== Segment start ==

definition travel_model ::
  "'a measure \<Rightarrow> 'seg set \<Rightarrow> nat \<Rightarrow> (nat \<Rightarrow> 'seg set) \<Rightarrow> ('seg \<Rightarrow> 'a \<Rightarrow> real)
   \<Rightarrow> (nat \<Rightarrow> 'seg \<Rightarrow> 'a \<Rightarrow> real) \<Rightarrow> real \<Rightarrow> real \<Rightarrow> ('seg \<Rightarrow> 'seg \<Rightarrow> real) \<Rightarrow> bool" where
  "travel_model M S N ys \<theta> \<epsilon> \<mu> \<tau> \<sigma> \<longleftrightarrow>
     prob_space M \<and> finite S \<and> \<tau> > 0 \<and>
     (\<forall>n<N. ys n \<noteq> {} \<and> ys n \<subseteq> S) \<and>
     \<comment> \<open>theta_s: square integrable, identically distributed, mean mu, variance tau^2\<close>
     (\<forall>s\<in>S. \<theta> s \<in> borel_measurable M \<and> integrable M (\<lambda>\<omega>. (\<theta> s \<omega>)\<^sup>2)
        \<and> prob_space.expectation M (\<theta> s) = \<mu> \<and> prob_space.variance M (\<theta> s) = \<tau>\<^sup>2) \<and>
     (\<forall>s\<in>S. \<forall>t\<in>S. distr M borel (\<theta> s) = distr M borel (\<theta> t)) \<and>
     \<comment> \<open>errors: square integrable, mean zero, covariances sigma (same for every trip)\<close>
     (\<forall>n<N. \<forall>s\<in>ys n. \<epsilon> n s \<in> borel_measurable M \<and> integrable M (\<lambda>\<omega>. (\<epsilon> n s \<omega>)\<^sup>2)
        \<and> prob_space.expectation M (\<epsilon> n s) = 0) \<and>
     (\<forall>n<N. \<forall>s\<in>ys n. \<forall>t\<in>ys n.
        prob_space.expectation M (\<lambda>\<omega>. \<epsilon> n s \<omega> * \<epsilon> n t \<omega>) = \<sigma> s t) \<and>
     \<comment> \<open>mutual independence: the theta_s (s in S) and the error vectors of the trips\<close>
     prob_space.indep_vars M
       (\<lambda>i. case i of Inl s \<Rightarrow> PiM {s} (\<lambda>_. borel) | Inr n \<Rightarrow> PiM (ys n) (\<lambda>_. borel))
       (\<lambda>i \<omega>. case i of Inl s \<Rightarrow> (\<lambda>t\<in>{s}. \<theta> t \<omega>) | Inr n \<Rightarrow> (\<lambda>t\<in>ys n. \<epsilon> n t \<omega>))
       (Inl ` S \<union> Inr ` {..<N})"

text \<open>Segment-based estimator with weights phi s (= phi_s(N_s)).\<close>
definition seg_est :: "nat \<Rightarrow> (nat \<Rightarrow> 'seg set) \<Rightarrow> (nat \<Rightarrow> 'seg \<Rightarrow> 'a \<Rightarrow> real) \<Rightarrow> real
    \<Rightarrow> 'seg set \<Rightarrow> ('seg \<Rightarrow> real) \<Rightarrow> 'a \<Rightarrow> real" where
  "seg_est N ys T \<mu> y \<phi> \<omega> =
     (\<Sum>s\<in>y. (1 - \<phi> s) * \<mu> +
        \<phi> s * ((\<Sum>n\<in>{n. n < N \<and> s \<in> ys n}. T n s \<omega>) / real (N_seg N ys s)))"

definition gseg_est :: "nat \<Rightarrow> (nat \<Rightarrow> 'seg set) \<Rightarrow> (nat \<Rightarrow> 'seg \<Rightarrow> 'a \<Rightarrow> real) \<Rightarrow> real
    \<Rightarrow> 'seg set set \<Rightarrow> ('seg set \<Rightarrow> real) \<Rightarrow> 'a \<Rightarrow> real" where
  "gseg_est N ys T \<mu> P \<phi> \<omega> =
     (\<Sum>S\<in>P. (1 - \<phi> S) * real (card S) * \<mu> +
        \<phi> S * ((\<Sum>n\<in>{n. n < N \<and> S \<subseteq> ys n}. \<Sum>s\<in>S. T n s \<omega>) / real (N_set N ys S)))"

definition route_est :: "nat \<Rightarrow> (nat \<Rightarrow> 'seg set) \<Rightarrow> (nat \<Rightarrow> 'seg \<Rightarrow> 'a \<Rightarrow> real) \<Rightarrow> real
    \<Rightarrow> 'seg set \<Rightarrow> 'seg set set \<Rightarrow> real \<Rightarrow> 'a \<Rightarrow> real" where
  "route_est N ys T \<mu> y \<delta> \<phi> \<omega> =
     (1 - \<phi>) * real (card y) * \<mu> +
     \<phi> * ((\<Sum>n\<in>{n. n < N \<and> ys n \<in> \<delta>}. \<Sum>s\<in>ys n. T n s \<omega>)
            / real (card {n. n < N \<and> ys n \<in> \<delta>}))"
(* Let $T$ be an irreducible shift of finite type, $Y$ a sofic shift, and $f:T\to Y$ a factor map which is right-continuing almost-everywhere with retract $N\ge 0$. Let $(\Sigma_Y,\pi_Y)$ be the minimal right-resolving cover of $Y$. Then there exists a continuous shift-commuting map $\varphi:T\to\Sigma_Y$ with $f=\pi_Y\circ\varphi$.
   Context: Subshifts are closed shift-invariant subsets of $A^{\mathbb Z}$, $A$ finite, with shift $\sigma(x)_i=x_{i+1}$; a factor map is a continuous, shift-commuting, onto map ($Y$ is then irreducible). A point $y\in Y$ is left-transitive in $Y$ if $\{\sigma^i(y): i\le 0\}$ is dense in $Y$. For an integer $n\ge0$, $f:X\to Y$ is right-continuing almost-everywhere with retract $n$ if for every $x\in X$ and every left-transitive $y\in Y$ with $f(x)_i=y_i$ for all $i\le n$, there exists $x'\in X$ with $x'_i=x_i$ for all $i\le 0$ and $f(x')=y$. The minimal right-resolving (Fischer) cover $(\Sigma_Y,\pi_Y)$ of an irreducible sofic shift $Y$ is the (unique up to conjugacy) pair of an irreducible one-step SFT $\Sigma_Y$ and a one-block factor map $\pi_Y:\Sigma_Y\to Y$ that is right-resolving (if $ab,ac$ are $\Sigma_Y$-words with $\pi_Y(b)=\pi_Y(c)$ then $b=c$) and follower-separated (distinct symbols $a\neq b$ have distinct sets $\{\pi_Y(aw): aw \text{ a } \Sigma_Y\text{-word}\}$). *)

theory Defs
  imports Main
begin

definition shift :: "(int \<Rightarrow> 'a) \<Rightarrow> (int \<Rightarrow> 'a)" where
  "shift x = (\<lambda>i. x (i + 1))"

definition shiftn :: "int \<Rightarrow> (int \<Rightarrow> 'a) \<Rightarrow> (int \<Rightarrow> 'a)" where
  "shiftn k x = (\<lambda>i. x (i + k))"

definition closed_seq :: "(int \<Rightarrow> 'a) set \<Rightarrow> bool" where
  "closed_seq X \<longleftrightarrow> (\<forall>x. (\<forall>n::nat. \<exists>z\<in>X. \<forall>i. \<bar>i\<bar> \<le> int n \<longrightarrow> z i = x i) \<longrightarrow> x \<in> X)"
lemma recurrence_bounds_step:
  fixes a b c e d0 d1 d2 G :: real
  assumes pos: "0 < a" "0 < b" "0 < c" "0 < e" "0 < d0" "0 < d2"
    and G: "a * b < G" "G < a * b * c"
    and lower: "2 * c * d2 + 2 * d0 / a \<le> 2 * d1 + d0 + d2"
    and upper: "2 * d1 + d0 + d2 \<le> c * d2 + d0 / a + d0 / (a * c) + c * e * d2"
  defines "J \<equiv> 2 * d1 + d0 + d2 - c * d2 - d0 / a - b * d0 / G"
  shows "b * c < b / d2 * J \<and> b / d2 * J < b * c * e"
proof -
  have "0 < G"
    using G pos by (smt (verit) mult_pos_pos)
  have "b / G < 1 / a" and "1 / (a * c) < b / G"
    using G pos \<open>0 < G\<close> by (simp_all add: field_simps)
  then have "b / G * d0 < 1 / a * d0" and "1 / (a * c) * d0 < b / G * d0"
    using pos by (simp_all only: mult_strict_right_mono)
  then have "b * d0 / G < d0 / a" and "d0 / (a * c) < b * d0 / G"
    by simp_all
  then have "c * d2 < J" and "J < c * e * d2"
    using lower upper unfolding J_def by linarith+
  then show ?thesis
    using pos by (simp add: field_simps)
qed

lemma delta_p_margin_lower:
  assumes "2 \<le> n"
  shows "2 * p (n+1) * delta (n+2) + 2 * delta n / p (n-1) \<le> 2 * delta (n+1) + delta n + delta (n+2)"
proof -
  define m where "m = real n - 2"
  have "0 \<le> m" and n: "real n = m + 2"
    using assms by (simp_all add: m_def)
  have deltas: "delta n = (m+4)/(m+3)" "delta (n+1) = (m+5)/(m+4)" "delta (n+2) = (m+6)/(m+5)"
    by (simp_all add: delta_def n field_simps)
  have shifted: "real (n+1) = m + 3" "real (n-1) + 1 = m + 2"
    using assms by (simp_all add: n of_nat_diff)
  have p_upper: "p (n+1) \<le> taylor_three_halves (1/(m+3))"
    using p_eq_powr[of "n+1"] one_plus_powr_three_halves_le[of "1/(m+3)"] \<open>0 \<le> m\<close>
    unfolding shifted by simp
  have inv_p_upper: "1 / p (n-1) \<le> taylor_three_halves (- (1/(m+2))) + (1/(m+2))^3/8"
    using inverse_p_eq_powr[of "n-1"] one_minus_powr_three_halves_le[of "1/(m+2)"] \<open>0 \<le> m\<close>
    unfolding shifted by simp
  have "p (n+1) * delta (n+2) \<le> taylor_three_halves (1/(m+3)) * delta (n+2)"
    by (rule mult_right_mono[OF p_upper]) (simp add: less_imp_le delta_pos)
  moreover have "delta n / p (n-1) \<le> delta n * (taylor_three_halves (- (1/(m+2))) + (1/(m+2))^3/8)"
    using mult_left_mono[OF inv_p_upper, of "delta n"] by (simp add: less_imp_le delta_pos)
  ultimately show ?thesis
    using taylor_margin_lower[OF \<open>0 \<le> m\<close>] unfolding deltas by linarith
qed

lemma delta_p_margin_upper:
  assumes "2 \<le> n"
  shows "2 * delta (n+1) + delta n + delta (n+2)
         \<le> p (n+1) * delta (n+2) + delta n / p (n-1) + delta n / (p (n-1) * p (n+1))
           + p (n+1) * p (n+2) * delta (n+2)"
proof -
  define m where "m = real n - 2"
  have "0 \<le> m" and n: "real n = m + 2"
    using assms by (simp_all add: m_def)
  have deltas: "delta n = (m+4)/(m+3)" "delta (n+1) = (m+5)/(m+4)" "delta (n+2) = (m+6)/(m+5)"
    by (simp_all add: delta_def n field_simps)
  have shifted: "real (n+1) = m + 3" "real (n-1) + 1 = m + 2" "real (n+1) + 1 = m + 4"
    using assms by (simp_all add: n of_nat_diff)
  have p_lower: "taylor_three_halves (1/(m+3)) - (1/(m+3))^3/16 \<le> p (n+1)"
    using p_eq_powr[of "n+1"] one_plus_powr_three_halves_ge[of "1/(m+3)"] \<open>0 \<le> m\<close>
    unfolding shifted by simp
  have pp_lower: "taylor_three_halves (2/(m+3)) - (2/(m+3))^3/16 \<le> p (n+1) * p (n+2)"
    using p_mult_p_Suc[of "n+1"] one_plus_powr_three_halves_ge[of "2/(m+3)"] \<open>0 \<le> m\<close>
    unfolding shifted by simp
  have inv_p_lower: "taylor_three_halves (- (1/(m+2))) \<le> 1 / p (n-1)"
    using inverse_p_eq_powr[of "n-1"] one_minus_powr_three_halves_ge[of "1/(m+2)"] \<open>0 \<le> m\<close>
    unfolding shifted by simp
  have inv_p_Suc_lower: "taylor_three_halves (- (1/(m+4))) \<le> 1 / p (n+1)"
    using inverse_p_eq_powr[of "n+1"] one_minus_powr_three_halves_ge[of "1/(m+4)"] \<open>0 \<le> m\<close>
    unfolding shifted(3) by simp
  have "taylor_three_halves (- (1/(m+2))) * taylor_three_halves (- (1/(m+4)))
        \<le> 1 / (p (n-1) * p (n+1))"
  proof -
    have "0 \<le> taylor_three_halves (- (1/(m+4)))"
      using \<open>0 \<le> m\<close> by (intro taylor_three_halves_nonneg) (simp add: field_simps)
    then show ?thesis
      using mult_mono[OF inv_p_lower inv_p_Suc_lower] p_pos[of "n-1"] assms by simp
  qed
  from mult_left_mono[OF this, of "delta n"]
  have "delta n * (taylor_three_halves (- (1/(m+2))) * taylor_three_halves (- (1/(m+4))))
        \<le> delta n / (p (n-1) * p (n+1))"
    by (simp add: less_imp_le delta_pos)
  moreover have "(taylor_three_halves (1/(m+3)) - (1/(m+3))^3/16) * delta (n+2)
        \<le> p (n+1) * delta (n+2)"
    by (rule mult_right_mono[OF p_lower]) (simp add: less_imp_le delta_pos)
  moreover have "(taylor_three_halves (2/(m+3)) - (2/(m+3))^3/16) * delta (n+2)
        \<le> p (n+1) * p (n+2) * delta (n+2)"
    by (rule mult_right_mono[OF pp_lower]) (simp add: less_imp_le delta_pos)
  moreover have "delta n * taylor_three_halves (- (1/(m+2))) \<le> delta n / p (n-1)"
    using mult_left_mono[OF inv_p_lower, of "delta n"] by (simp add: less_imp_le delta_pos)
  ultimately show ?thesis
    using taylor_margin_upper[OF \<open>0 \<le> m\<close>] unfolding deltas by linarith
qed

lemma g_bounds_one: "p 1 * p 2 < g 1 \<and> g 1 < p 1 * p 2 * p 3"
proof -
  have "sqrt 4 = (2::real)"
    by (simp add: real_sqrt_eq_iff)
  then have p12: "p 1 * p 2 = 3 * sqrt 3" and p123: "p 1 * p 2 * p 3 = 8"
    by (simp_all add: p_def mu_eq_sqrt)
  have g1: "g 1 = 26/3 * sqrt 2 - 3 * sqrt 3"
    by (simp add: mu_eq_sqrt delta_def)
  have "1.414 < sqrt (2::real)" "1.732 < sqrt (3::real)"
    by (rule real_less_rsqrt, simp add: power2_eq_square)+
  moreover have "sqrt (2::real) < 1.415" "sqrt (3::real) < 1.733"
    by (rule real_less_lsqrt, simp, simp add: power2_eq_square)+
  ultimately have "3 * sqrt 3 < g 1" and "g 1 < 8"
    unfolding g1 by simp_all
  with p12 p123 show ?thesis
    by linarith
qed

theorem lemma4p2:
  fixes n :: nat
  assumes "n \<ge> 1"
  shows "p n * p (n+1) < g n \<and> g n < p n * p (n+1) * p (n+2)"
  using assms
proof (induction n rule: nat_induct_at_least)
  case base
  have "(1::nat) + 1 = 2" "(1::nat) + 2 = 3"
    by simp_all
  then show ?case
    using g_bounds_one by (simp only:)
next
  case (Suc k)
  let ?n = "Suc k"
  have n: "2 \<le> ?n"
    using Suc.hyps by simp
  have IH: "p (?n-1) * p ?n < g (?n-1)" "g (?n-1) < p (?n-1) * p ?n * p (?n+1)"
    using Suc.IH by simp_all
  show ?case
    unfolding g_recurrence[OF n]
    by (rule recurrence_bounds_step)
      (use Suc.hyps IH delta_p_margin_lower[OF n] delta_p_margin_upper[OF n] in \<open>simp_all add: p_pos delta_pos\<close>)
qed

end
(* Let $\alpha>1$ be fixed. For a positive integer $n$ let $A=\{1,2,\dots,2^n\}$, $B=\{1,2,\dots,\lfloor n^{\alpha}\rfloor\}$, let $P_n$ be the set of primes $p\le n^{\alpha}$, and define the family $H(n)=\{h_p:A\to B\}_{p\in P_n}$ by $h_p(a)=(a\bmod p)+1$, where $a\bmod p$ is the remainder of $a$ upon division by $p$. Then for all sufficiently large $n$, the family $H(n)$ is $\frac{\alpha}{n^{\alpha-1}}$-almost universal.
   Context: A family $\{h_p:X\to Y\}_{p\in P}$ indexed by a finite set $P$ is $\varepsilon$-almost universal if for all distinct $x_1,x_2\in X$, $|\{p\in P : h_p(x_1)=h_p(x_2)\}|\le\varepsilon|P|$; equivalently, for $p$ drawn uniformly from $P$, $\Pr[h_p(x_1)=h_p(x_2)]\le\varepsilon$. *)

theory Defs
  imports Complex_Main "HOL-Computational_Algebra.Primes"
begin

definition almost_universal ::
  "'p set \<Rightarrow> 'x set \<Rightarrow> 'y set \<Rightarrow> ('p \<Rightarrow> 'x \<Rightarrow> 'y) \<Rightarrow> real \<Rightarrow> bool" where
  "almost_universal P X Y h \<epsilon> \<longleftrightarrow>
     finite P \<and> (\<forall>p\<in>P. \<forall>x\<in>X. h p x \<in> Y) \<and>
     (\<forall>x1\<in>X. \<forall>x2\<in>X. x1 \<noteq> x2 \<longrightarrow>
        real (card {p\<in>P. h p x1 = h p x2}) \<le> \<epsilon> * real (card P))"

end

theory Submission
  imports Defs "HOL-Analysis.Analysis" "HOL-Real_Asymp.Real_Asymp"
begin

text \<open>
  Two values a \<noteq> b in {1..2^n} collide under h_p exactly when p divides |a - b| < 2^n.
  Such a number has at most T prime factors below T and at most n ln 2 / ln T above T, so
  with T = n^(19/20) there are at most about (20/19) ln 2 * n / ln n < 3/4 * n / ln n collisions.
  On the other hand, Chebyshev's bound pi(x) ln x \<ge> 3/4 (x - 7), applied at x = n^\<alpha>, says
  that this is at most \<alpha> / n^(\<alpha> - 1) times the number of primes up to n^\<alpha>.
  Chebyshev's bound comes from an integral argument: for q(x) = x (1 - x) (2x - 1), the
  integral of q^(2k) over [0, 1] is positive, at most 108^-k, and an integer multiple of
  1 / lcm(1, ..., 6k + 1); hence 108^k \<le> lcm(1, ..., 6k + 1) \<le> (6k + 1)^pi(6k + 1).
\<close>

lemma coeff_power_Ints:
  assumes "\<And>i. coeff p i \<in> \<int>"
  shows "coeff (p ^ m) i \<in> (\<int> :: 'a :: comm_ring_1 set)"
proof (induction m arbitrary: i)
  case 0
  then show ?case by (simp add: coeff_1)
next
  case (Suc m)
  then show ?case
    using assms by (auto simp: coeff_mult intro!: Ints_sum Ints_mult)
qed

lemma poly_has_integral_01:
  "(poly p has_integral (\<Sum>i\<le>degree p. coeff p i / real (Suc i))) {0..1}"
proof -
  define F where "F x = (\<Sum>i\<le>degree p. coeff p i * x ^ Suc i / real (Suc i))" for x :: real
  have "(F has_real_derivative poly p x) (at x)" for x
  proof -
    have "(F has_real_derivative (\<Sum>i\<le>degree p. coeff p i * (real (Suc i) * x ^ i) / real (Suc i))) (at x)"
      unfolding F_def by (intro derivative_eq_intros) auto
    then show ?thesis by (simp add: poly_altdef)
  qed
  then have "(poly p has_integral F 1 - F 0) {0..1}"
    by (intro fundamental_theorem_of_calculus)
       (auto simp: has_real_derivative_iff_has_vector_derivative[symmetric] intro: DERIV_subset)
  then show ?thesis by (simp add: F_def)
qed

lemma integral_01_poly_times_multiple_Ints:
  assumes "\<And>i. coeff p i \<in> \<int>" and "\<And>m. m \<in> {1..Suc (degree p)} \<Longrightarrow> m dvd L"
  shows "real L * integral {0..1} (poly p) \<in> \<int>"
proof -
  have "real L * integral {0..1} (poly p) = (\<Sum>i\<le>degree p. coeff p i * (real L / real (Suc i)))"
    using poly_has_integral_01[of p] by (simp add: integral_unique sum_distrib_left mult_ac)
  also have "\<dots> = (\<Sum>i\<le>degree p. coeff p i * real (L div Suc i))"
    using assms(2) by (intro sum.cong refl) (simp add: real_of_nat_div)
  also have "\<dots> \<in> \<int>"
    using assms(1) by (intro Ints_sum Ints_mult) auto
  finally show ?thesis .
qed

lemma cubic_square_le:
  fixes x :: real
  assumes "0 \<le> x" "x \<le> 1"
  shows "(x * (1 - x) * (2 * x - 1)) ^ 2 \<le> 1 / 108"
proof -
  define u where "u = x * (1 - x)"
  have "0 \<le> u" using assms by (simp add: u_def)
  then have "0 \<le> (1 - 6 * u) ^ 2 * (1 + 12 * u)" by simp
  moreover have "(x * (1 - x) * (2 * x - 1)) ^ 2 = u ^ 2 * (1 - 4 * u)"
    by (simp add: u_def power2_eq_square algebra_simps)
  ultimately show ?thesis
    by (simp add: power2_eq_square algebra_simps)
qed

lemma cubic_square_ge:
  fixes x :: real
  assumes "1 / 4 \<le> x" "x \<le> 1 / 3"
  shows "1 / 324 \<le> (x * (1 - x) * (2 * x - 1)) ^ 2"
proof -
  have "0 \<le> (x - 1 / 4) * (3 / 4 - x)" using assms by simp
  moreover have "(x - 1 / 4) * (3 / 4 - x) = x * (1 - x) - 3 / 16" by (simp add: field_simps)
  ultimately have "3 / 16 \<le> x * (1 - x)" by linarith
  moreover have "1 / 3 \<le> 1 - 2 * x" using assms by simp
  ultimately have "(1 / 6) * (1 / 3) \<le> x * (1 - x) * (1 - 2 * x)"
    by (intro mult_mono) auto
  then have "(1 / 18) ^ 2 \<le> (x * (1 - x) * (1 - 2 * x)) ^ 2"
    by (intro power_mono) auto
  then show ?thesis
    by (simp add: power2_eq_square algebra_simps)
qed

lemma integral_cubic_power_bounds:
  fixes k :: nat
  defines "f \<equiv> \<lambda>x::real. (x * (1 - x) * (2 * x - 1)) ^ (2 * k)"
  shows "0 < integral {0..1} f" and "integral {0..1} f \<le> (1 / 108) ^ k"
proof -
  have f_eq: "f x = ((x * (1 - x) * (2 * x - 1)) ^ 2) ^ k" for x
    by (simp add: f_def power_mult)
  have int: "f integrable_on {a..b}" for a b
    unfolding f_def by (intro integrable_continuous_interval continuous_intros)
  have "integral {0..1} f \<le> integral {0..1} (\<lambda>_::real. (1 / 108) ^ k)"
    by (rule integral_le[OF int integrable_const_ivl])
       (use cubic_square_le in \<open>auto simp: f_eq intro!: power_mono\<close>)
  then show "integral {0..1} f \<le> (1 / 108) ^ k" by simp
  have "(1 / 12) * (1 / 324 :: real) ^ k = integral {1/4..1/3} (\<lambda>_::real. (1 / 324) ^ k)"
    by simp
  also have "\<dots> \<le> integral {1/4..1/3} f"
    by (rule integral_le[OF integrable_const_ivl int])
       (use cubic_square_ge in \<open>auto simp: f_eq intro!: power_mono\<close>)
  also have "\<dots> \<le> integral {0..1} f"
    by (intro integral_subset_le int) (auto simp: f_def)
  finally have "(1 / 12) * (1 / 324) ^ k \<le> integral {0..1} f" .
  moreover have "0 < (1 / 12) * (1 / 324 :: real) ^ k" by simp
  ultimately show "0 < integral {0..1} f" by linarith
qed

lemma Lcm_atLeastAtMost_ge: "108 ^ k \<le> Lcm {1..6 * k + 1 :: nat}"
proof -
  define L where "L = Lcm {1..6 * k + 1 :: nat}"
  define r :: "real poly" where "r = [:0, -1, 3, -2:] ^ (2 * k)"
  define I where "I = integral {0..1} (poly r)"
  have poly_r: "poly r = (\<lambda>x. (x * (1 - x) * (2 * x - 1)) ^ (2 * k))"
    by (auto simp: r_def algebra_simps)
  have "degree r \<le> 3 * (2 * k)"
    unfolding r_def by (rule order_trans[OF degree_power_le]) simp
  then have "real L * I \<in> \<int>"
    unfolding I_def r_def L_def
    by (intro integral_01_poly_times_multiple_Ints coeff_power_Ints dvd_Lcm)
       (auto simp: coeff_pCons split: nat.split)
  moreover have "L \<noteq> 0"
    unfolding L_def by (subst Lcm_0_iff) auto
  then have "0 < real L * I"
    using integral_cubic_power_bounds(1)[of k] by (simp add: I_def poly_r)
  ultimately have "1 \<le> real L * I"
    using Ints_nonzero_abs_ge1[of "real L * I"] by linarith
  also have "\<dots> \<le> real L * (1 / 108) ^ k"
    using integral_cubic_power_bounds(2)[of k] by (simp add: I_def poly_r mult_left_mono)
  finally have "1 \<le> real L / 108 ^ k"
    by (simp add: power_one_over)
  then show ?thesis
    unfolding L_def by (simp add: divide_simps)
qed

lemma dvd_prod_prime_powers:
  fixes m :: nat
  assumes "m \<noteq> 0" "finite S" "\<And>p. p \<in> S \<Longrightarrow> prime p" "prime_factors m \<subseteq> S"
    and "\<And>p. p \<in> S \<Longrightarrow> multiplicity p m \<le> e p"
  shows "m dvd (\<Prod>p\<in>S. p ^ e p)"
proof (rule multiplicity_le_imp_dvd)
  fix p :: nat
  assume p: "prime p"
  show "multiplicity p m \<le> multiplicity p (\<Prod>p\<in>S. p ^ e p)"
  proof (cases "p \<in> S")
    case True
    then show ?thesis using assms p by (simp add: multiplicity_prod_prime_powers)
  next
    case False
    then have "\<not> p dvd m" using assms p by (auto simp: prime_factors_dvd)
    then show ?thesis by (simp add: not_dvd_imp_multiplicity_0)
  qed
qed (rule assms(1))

== Segment end ==

Try it -
Each line above that contains the string "card" should be copied.

Solution below -
     (\<Sum>S\<in>P. (1 - \<phi> S) * real (card S) * \<mu> +
     (1 - \<phi>) * real (card y) * \<mu> +
            / real (card {n. n < N \<and> ys n \<in> \<delta>}))"
        real (card {p\<in>P. h p x1 = h p x2}) \<le> \<epsilon> * real (card P))"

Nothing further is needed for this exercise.